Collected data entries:

====================

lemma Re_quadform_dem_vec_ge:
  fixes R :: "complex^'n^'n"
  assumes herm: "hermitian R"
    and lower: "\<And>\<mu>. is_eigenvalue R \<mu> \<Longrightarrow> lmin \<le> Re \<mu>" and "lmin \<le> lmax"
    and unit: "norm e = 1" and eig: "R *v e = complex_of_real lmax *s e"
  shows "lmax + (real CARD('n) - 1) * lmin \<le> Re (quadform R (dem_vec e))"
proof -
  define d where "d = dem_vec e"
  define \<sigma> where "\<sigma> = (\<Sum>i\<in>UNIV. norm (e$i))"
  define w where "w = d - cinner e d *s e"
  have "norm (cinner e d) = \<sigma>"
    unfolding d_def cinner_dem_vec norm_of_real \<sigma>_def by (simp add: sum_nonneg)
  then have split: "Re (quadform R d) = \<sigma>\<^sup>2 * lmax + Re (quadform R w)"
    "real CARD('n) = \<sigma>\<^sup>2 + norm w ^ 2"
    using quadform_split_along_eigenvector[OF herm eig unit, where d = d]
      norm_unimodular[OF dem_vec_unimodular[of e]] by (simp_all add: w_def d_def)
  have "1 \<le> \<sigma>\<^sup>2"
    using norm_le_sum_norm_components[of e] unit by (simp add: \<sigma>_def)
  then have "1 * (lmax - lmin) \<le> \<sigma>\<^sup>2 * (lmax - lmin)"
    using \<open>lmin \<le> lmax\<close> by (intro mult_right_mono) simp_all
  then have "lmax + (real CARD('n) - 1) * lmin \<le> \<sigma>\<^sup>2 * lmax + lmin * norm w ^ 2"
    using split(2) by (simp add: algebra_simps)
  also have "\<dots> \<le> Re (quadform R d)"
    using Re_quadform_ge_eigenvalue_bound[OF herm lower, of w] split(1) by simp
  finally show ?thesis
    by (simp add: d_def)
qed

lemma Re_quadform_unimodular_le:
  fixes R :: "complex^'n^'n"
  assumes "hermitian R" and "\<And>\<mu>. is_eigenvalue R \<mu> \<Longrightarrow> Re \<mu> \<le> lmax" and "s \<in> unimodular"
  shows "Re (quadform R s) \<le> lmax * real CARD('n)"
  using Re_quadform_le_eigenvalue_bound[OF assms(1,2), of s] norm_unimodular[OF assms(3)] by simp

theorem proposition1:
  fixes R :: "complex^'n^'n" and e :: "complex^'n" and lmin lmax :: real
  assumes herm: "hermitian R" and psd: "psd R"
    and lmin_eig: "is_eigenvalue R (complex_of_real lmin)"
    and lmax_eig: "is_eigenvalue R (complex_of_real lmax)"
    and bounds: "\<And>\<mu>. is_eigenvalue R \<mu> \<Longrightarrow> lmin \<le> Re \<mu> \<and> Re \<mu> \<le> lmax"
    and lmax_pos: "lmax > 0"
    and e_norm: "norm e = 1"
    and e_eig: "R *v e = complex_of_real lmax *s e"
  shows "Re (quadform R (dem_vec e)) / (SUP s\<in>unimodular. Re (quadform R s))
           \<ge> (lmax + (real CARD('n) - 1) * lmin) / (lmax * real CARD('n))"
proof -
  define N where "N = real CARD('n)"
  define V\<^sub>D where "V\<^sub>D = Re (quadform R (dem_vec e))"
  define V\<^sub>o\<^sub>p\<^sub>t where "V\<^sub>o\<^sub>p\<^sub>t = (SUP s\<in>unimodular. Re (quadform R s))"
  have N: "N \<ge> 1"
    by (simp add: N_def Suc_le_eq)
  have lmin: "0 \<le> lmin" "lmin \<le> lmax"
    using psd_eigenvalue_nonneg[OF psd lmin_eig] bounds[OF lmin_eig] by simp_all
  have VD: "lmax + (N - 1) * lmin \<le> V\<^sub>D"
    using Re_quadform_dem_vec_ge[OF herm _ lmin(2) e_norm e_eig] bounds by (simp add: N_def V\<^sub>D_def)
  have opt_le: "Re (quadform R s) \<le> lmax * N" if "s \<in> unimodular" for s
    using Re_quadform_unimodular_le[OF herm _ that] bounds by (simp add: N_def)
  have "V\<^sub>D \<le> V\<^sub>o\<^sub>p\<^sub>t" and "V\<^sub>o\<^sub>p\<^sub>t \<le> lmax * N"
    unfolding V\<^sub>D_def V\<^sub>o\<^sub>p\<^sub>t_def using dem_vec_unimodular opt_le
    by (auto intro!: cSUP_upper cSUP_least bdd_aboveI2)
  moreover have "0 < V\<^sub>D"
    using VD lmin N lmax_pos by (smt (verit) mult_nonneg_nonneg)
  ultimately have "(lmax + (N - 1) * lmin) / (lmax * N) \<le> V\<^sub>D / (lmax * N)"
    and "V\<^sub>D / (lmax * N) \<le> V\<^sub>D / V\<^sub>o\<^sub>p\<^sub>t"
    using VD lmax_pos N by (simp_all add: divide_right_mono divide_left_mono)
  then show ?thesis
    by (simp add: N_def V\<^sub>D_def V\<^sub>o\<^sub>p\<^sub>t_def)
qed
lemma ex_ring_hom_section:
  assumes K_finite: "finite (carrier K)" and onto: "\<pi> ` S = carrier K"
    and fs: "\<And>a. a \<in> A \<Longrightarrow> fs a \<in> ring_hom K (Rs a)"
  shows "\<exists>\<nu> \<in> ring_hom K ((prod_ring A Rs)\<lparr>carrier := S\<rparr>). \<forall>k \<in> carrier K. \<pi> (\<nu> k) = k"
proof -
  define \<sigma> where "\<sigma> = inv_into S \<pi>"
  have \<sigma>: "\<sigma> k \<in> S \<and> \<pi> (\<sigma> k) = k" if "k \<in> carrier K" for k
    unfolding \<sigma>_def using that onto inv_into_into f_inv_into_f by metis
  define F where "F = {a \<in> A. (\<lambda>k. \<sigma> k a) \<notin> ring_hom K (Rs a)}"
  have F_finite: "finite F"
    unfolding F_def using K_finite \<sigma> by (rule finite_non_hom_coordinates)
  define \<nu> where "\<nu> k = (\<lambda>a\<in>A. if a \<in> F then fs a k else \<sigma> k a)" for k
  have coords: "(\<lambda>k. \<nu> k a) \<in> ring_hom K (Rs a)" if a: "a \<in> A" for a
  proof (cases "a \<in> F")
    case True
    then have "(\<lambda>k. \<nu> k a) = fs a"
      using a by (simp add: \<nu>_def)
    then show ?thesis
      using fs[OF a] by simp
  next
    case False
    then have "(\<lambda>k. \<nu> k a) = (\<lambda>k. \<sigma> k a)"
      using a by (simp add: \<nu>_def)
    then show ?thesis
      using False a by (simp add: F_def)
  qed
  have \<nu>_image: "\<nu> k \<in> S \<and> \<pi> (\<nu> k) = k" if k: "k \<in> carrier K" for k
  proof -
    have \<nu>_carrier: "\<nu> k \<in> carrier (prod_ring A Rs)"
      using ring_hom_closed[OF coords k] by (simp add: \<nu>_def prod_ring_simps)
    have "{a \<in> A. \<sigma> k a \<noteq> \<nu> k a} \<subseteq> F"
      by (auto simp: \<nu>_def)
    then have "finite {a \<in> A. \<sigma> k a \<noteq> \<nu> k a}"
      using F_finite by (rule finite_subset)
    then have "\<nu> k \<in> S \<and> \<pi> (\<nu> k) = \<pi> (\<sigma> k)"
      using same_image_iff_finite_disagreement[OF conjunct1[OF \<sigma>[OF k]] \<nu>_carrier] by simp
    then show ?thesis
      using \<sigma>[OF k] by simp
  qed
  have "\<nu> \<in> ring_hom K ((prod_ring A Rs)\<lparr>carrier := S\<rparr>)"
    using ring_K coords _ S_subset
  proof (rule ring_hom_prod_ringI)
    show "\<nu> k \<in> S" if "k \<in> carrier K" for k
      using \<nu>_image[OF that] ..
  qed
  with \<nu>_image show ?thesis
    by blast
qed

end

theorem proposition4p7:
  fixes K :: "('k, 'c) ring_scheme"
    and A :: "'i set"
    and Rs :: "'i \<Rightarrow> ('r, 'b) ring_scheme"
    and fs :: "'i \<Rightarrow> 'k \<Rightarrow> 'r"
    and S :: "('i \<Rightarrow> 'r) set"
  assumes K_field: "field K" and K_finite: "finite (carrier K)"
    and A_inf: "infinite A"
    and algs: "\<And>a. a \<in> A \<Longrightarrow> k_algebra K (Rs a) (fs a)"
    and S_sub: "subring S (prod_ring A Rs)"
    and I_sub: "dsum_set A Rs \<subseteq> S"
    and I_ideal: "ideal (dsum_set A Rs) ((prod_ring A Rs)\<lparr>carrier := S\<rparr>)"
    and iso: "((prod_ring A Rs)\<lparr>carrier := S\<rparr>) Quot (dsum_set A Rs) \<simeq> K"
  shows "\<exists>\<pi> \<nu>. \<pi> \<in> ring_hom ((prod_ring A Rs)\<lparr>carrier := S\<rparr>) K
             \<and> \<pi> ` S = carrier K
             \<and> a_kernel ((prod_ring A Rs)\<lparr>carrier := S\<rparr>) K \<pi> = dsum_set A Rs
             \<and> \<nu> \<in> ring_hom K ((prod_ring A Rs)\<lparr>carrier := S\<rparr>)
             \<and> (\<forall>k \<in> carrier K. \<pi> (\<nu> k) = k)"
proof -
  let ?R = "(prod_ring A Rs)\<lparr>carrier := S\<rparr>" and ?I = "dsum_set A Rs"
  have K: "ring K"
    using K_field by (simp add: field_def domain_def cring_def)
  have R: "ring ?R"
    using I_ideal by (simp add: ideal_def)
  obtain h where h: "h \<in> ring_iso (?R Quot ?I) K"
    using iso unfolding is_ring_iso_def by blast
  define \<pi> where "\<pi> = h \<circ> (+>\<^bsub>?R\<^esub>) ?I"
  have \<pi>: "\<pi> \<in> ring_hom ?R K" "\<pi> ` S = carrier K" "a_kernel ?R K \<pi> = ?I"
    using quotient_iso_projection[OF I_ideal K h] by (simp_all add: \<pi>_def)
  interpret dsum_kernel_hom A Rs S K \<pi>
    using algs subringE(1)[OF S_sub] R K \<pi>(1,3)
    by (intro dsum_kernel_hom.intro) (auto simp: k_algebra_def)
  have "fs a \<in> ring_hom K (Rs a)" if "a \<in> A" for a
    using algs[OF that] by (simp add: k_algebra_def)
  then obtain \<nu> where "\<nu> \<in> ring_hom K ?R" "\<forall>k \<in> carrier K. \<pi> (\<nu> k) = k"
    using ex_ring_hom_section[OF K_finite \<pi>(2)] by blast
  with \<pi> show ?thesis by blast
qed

====================

■ Exercise prompt:
Starting at the line that contains "using algs[OF that]", retype every line through the end of the records exactly, and nothing else.

■ Response:
    using algs[OF that] by (simp add: k_algebra_def)
  then obtain \<nu> where "\<nu> \<in> ring_hom K ?R" "\<forall>k \<in> carrier K. \<pi> (\<nu> k) = k"
    using ex_ring_hom_section[OF K_finite \<pi>(2)] by blast
  with \<pi> show ?thesis by blast
qed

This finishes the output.